Читаем Непрямое говорение полностью

§ 6. Система оговорок Шпета, усложняющих и в конечном счете размыкающих ситуацию. Как уже говорилось, Шпет периодически вводил в изложение своей теории экспрессивности различного рода смягчающие оговорки. Например, такую: все личные переживания говорящего в большей мере, чем через слово, передаются нам через его жестикуляцию, мимику, эмотивную возбужденность, но «они отражаются и на самом слове, на способе его передачи, на интонациях и ударениях, на построении речи, спокойном или волнующемся, прерывистом, заикающемся, вводящем лишние звуки или опускающем нужные, и т. п. И несомненно, что в весьма многих случаях этот „член“ в структуре слова для нас превалирует, так что само передаваемое со своим смыслом, по его значению для нас отходит на второй план.

Значенья пустого слова/В устах ее полны приветом… То истиной дышит в ней все, / То все в ней притворно и ложно; /Понять невозможно ее, /Зато не любить невозможно.

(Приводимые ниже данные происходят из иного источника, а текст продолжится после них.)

(* Let $\mathcal{S}$ be a concurrent game structure with state set $St$, $A\subseteq Ag$, $\varphi'$ an rATL state formula, $s\in St$ and $t\in\mathbb{B}_4$. For $u\in\mathbb{B}_4$ let $\mathrm{Sat}(\varphi',u)=\{s'\in St\mid V(s',\varphi')\succeq u\}$. Then: (a) $V(s,\langle\!\langle A\rangle\!\rangle\dot\bigcirc\varphi')\succeq t$ iff Player 1 has a winning strategy for $(\mathcal{S}_A,\mathrm{Next}(\mathrm{Sat}(\varphi',t)))$ from $s$; (b) $V(s,\langle\!\langle A\rangle\!\rangle\dot\Diamond\varphi')\succeq t$ iff Player 1 has a winning strategy for $(\mathcal{S}_A,\mathrm{Reach}(\mathrm{Sat}(\varphi',t)))$ from $s$; (c) $V(s,\langle\!\langle A\rangle\!\rangle\dot\Box\varphi')\succeq 1111$ iff Player 1 wins $(\mathcal{S}_A,\mathrm{Safety}(\mathrm{Sat}(\varphi',1111)))$ from $s$; (d) $V(s,\langle\!\langle A\rangle\!\rangle\dot\Box\varphi')\succeq 0111$ iff Player 1 wins $(\mathcal{S}_A,\mathrm{coB\ddot uchi}(\mathrm{Sat}(\varphi',0111)))$ from $s$; (e) $V(s,\langle\!\langle A\rangle\!\rangle\dot\Box\varphi')\succeq 0011$ iff Player 1 wins $(\mathcal{S}_A,\mathrm{B\ddot uchi}(\mathrm{Sat}(\varphi',0011)))$ from $s$; (f) $V(s,\langle\!\langle A\rangle\!\rangle\dot\Box\varphi')\succeq 0001$ iff Player 1 wins $(\mathcal{S}_A,\mathrm{Reach}(\mathrm{Sat}(\varphi',0001)))$ from $s$; (g) $V(s,[\![A]\!]\dot\bigcirc\varphi')\succeq t$ iff Player 1 does not have a winning strategy for $(\mathcal{S}_A,\mathrm{Next}(St\setminus\mathrm{Sat}(\varphi',t)))$ from $s$.
   Context: Fix a finite set $\mathrm{AP}$ of atomic propositions. A concurrent game structure (CGS) is a tuple $\mathcal{S}=(St,Ag,Ac,\delta,\ell)$ where $St$ is a finite set of states, $Ag$ a finite set of agents, $Ac$ a finite set of actions, $\ell:St\to 2^{\mathrm{AP}}$ a labeling, and $\delta:St\times AV\to St$ a transition function, where $AV$ is the set of action vectors for $Ag$ (an action vector for $A\subseteq Ag$ is a map $A\to Ac$). A state $s'$ is a successor of $s$ if $s'=\delta(s,v)$ for some $v\in AV$. A path is an infinite sequence $\pi=s_0s_1s_2\cdots$ of states with $s_{n+1}$ a successor of $s_n$ for all $n$; write $\pi[n]=s_n$. A strategy for an agent is a function $f:St^+\to Ac$. For $A\subseteq Ag$ and a set $F_A=\{f_a\mid a\in A\}$ of strategies, one for each agent in $A$, $out(s,F_A)$ is the set of paths $s_0s_1\cdots$ with $s_0=s$ such that for every $n\ge 0$ there is $v\in AV$ with $v(a)=f_a(s_0\cdots s_n)$ for all $a\in A$ and $s_{n+1}=\delta(s_n,v)$. $\mathbb{B}_4=\{1111,0111,0011,0001,0000\}$ is totally ordered by $1111\succ0111\succ0011\succ0001\succ0000$; for $b=b_1b_2b_3b_4\in\mathbb{B}_4$ and $k\in\{1,2,3,4\}$, $b[k]=b_k$; max and min on $\mathbb{B}_4$ refer to this order, and on bits to $0<1$. rATL formulas: state formulas $\varphi ::= p \mid \neg\varphi\mid\varphi\vee\varphi\mid\varphi\wedge\varphi\mid\varphi\to\varphi\mid\langle\!\langle A\rangle\!\rangle\Phi\mid[\![A]\!]\Phi$ and path formulas $\Phi::=\dot{\bigcirc}\varphi\mid\dot\Diamond\varphi\mid\dot\Box\varphi$, with $p\in\mathrm{AP}$ and $A\subseteq Ag$; an rATL formula is a state formula. On a CGS the valuation $V$ maps (state, state formula) and (path, path formula) pairs to $\mathbb{B}_4$: $V(s,p)=1111$ if $p\in\ell(s)$ and $0000$ otherwise; $V(s,\varphi_1\vee\varphi_2)=\max(V(s,\varphi_1),V(s,\varphi_2))$; $V(s,\varphi_1\wedge\varphi_2)=\min(V(s,\varphi_1),V(s,\varphi_2))$; $V(s,\neg\varphi)=0000$ if $V(s,\varphi)=1111$ and $1111$ otherwise; $V(s,\varphi_1\to\varphi_2)=1111$ if $V(s,\varphi_1)\preceq V(s,\varphi_2)$ and $V(s,\varphi_2)$ otherwise; $V(s,\langle\!\langle A\rangle\!\rangle\Phi)$ is the maximal $b\in\mathbb{B}_4$ such that there is a set $F_A$ of strategies (one per agent in $A$) with $V(\pi,\Phi)\succeq b$ for all $\pi\in out(s,F_A)$; $V(s,[\![A]\!]\Phi)$ is the maximal $b\in\mathbb{B}_4$ such that for every such $F_A$ there is $\pi\in out(s,F_A)$ with $V(\pi,\Phi)\succeq b$. For paths: $V(\pi,\dot\bigcirc\varphi)[k]=V(\pi[1],\varphi)[k]$; $V(\pi,\dot\Diamond\varphi)[k]=\max_{i\ge0}V(\pi[i],\varphi)[k]$; $V(\pi,\dot\Box\varphi)=b_1b_2b_3b_4$ with $b_1=\min_{i\ge0}V(\pi[i],\varphi)[1]$, $b_2=\max_{i\ge0}\min_{j\ge i}V(\pi[j],\varphi)[2]$, $b_3=\min_{i\ge0}\max_{j\ge i}V(\pi[j],\varphi)[3]$, $b_4=\max_{i\ge0}V(\pi[i],\varphi)[4]$. Two-player games: a game structure $(St,St_1,St_2,Ac_1,Ac_2,\delta)$ with $St=St_1\uplus St_2$ and $\delta:(St_1\times Ac_1)\cup(St_2\times Ac_2)\to St$; a Player 1 strategy is $f:St^*St_1\to Ac_1$; outcomes of $f$ from $s$ are paths starting in $s$ following $\delta$ and using $f$ at Player 1 states; $f$ is winning for $\mathrm{Win}\subseteq St^\omega$ from $s$ if all its outcomes from $s$ lie in $\mathrm{Win}$. $\mathcal{S}_A=(St\cup(St\times Ac_1),St,St\times Ac_1,Ac_1,Ac_2,\delta')$ where $Ac_1$ (resp. $Ac_2$) is the set of action vectors for $A$ (resp. $Ag\setminus A$), $\delta'(s,v)=(s,v)$, $\delta'((s,v),v')=\delta(s,v\oplus v')$ with $v\oplus v'$ the combined action vector for $Ag$. For $F\subseteq St$, as subsets of $(St\cdot(St\times Ac_1))^\omega$ with paths $s_0s_1s_2\cdots$: $\mathrm{Next}(F)$: $s_2\in F$; $\mathrm{Reach}(F)$: $s_n\in F$ for some even $n$; $\mathrm{Safety}(F)$: $s_n\in F$ for all even $n$; $\mathrm{B\ddot uchi}(F)$: $s_n\in F$ for infinitely many even $n$; $\mathrm{coB\ddot uchi}(F)$: $s_n\in F$ for all but finitely many even $n$. *)

theory Defs
  imports "HOL-Library.FuncSet"
begin

datatype b4 = B1111 | B0111 | B0011 | B0001 | B0000

fun b4_rank :: "b4 \<Rightarrow> nat" where
  "b4_rank B0000 = 0" | "b4_rank B0001 = 1" | "b4_rank B0011 = 2"
| "b4_rank B0111 = 3" | "b4_rank B1111 = 4"

lemma b4_rank_inj: "b4_rank x = b4_rank y \<Longrightarrow> x = y"
  by (cases x; cases y) auto

instantiation b4 :: linorder
begin
definition less_eq_b4 :: "b4 \<Rightarrow> b4 \<Rightarrow> bool" where
  "less_eq_b4 x y \<longleftrightarrow> b4_rank x \<le> b4_rank y"
definition less_b4 :: "b4 \<Rightarrow> b4 \<Rightarrow> bool" where
  "less_b4 x y \<longleftrightarrow> b4_rank x < b4_rank y"
instance
  by standard (auto simp: less_eq_b4_def less_b4_def intro: b4_rank_inj)
end

fun b4_bit :: "b4 \<Rightarrow> nat \<Rightarrow> bool" where
  "b4_bit B1111 k = (k \<in> {1,2,3,4})"
| "b4_bit B0111 k = (k \<in> {2,3,4})"
| "b4_bit B0011 k = (k \<in> {3,4})"
| "b4_bit B0001 k = (k \<in> {4})"
| "b4_bit B0000 k = False"

definition b4_of_bits :: "(nat \<Rightarrow> bool) \<Rightarrow> b4" where
  "b4_of_bits f = (THE b. \<forall>k\<in>{1,2,3,4::nat}. b4_bit b k = f k)"

record ('s, 'ag, 'ac, 'p) cgs =
  cSt :: "'s set"
  cAg :: "'ag set"
  cAc :: "'ac set"
  cdelta :: "'s \<Rightarrow> ('ag \<Rightarrow> 'ac) \<Rightarrow> 's"
  clab :: "'s \<Rightarrow> 'p set"

definition actvecs :: "('s, 'ag, 'ac, 'p) cgs \<Rightarrow> 'ag set \<Rightarrow> ('ag \<Rightarrow> 'ac) set" where
  "actvecs G A = (A \<rightarrow>\<^sub>E cAc G)"

definition cgs_wf :: "('s, 'ag, 'ac, 'p) cgs \<Rightarrow> bool" where
  "cgs_wf G \<longleftrightarrow> finite (cSt G) \<and> finite (cAg G) \<and> finite (cAc G) \<and> cAc G \<noteq> {}
     \<and> (\<forall>q\<in>cSt G. \<forall>v\<in>actvecs G (cAg G). cdelta G q v \<in> cSt G)"

definition strats :: "('s, 'ag, 'ac, 'p) cgs \<Rightarrow> 'ag set \<Rightarrow> ('ag \<Rightarrow> 's list \<Rightarrow> 'ac) \<Rightarrow> bool" where
  "strats G A F \<longleftrightarrow> (\<forall>a\<in>A. \<forall>h. h \<noteq> [] \<and> set h \<subseteq> cSt G \<longrightarrow> F a h \<in> cAc G)"

definition out :: "('s, 'ag, 'ac, 'p) cgs \<Rightarrow> 's \<Rightarrow> 'ag set \<Rightarrow> ('ag \<Rightarrow> 's list \<Rightarrow> 'ac)
    \<Rightarrow> (nat \<Rightarrow> 's) set" where
  "out G s A F = {\<pi>. \<pi> 0 = s \<and> (\<forall>n. \<exists>v\<in>actvecs G (cAg G).
      (\<forall>a\<in>A. v a = F a (map \<pi> [0..<Suc n])) \<and> \<pi> (Suc n) = cdelta G (\<pi> n) v)}"

datatype ('p, 'ag) sform =
    Prop 'p
  | Neg "('p, 'ag) sform"
  | Or "('p, 'ag) sform" "('p, 'ag) sform"
  | And "('p, 'ag) sform" "('p, 'ag) sform"
  | Imp "('p, 'ag) sform" "('p, 'ag) sform"
  | Ex "'ag set" "('p, 'ag) pform"
  | All "'ag set" "('p, 'ag) pform"
and ('p, 'ag) pform =
    Nxt "('p, 'ag) sform"
  | Ev "('p, 'ag) sform"
  | Alw "('p, 'ag) sform"

primrec sf_wf :: "'ag set \<Rightarrow> ('p, 'ag) sform \<Rightarrow> bool"
  and pf_wf :: "'ag set \<Rightarrow> ('p, 'ag) pform \<Rightarrow> bool" where
  "sf_wf Ag (Prop p) = True"
| "sf_wf Ag (Neg \<phi>) = sf_wf Ag \<phi>"
| "sf_wf Ag (Or \<phi> \<psi>) = (sf_wf Ag \<phi> \<and> sf_wf Ag \<psi>)"
| "sf_wf Ag (And \<phi> \<psi>) = (sf_wf Ag \<phi> \<and> sf_wf Ag \<psi>)"
| "sf_wf Ag (Imp \<phi> \<psi>) = (sf_wf Ag \<phi> \<and> sf_wf Ag \<psi>)"
| "sf_wf Ag (Ex A \<Phi>) = (A \<subseteq> Ag \<and> pf_wf Ag \<Phi>)"
| "sf_wf Ag (All A \<Phi>) = (A \<subseteq> Ag \<and> pf_wf Ag \<Phi>)"
| "pf_wf Ag (Nxt \<phi>) = sf_wf Ag \<phi>"
| "pf_wf Ag (Ev \<phi>) = sf_wf Ag \<phi>"
| "pf_wf Ag (Alw \<phi>) = sf_wf Ag \<phi>"

primrec Vs :: "('s, 'ag, 'ac, 'p) cgs \<Rightarrow> 's \<Rightarrow> ('p, 'ag) sform \<Rightarrow> b4"
  and Vp :: "('s, 'ag, 'ac, 'p) cgs \<Rightarrow> (nat \<Rightarrow> 's) \<Rightarrow> ('p, 'ag) pform \<Rightarrow> b4" where
  "Vs G s (Prop p) = (if p \<in> clab G s then B1111 else B0000)"
| "Vs G s (Neg \<phi>) = (if Vs G s \<phi> = B1111 then B0000 else B1111)"
| "Vs G s (Or \<phi> \<psi>) = max (Vs G s \<phi>) (Vs G s \<psi>)"
| "Vs G s (And \<phi> \<psi>) = min (Vs G s \<phi>) (Vs G s \<psi>)"
| "Vs G s (Imp \<phi> \<psi>) = (if Vs G s \<phi> \<le> Vs G s \<psi> then B1111 else Vs G s \<psi>)"
| "Vs G s (Ex A \<Phi>) = (GREATEST b. \<exists>F. strats G A F \<and> (\<forall>\<pi>\<in>out G s A F. Vp G \<pi> \<Phi> \<ge> b))"
| "Vs G s (All A \<Phi>) = (GREATEST b. \<forall>F. strats G A F \<longrightarrow> (\<exists>\<pi>\<in>out G s A F. Vp G \<pi> \<Phi> \<ge> b))"
| "Vp G \<pi> (Nxt \<phi>) = b4_of_bits (\<lambda>k. b4_bit (Vs G (\<pi> 1) \<phi>) k)"
| "Vp G \<pi> (Ev \<phi>) = b4_of_bits (\<lambda>k. \<exists>i. b4_bit (Vs G (\<pi> i) \<phi>) k)"
| "Vp G \<pi> (Alw \<phi>) = b4_of_bits (\<lambda>k.
      if k = 1 then (\<forall>i. b4_bit (Vs G (\<pi> i) \<phi>) 1)
      else if k = 2 then (\<exists>i. \<forall>j\<ge>i. b4_bit (Vs G (\<pi> j) \<phi>) 2)
      else if k = 3 then (\<forall>i. \<exists>j\<ge>i. b4_bit (Vs G (\<pi> j) \<phi>) 3)
      else (\<exists>i. b4_bit (Vs G (\<pi> i) \<phi>) 4))"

Понимание как интеллектуальный фактор в восприятии такого слова, или в восприятии слова с этой стороны, отступает на второй план, и приходится говорить, если о понимании все-таки, то понимании особого рода, не интеллектуальном, а любовном или ненавидящем».

В конечном счете совокупность смягчающих уступок ноэтике привела к значительной – острой и точной – постановке в связи с ней концептуальных проблем. В частности, Шпет непосредственно формулировал тот интересующий нас языковой случай, когда нечто из области экспрессии облачается в прямую семантическую форму: тогда этот, пусть и ноэтический по генезису смысл получает от Шпета пропуск в ограду «объективного» смысла высказывания. В том числе и для «экспрессии» главным условием вхождения в смысл высказывания является приобретение ею семантического облачения. Шпет оговаривает разного рода особые случаи, когда экспрессивно-тональные моменты могут влиять на смысл. Например: «…Осложненный случай, когда N скрывает свое душевное состояние („волнение“), подавляет, маскирует, имитирует другое, когда N „играет“ (как актер) или обманывает, такой случай вызывает восприятие, различающее или неразличающее, в самом же симпатическом и интеллектуальном понимании, игру и обман от того, что переживает N „на самом деле“. Получается интересная своего рода суппозиция, но не в сфере интеллектуальной, когда мы имеем дело с словом о слове, с высказыванием, сообщением, смысл которых относится к слову, а, в параллель интеллектуальной сфере, в сфере эмоциональной. Здесь не „значение“ налезает на „значение“, а „со-значение“  – на «со-значение», синекдоха (не в смысле риторического тропа, а в буквальном значении слова) на синекдоху. Можно сопоставить это явление также с настиланием символического, иносказательного вообще смысла или смыслов на буквальный – своего рода эмоциональный, resp. экспрессивный символизм, которого иллюстрацией, например, может служить условность сценической экспрессии». Видно, как Шпет имел в том числе целью постепенно развернуть свою теорию смысла лицом к художественной сфере.

Особо Шпет выделяет случай семантически выраженной «эмоциональности»: «Возможно также „осложнение“ другого типа: N сообщает ото значит – облачает в семантику, делает смыслом, тематизирует> о своем собственном эмоциональном состоянии – особенно об эмоциональном состоянии, сопровождающем высказывание, тогда его состояние воспринимается

(a) как смысл или значение его слова, по пониманию, и как (Ь) со-значение, по симпатическому пониманию, (а) и (Ь) в таком случае – предметные данности разных порядков: (а) относится к (6) (т. е. к собственно смыслу, сообщению),

(b) – к (8)», т. е. ко вторичной экспрессивной функции, отражающей субъективные представления говорящего. В случае семантизации экспрессии (в нашей терминологии – в случае перевода ноэсы в ноэму) как минимум часть ее и по Шпету, таким образом, войдет в смысл сообщения, повышаясь в рейтинге и становясь из ноэсы ноэмой.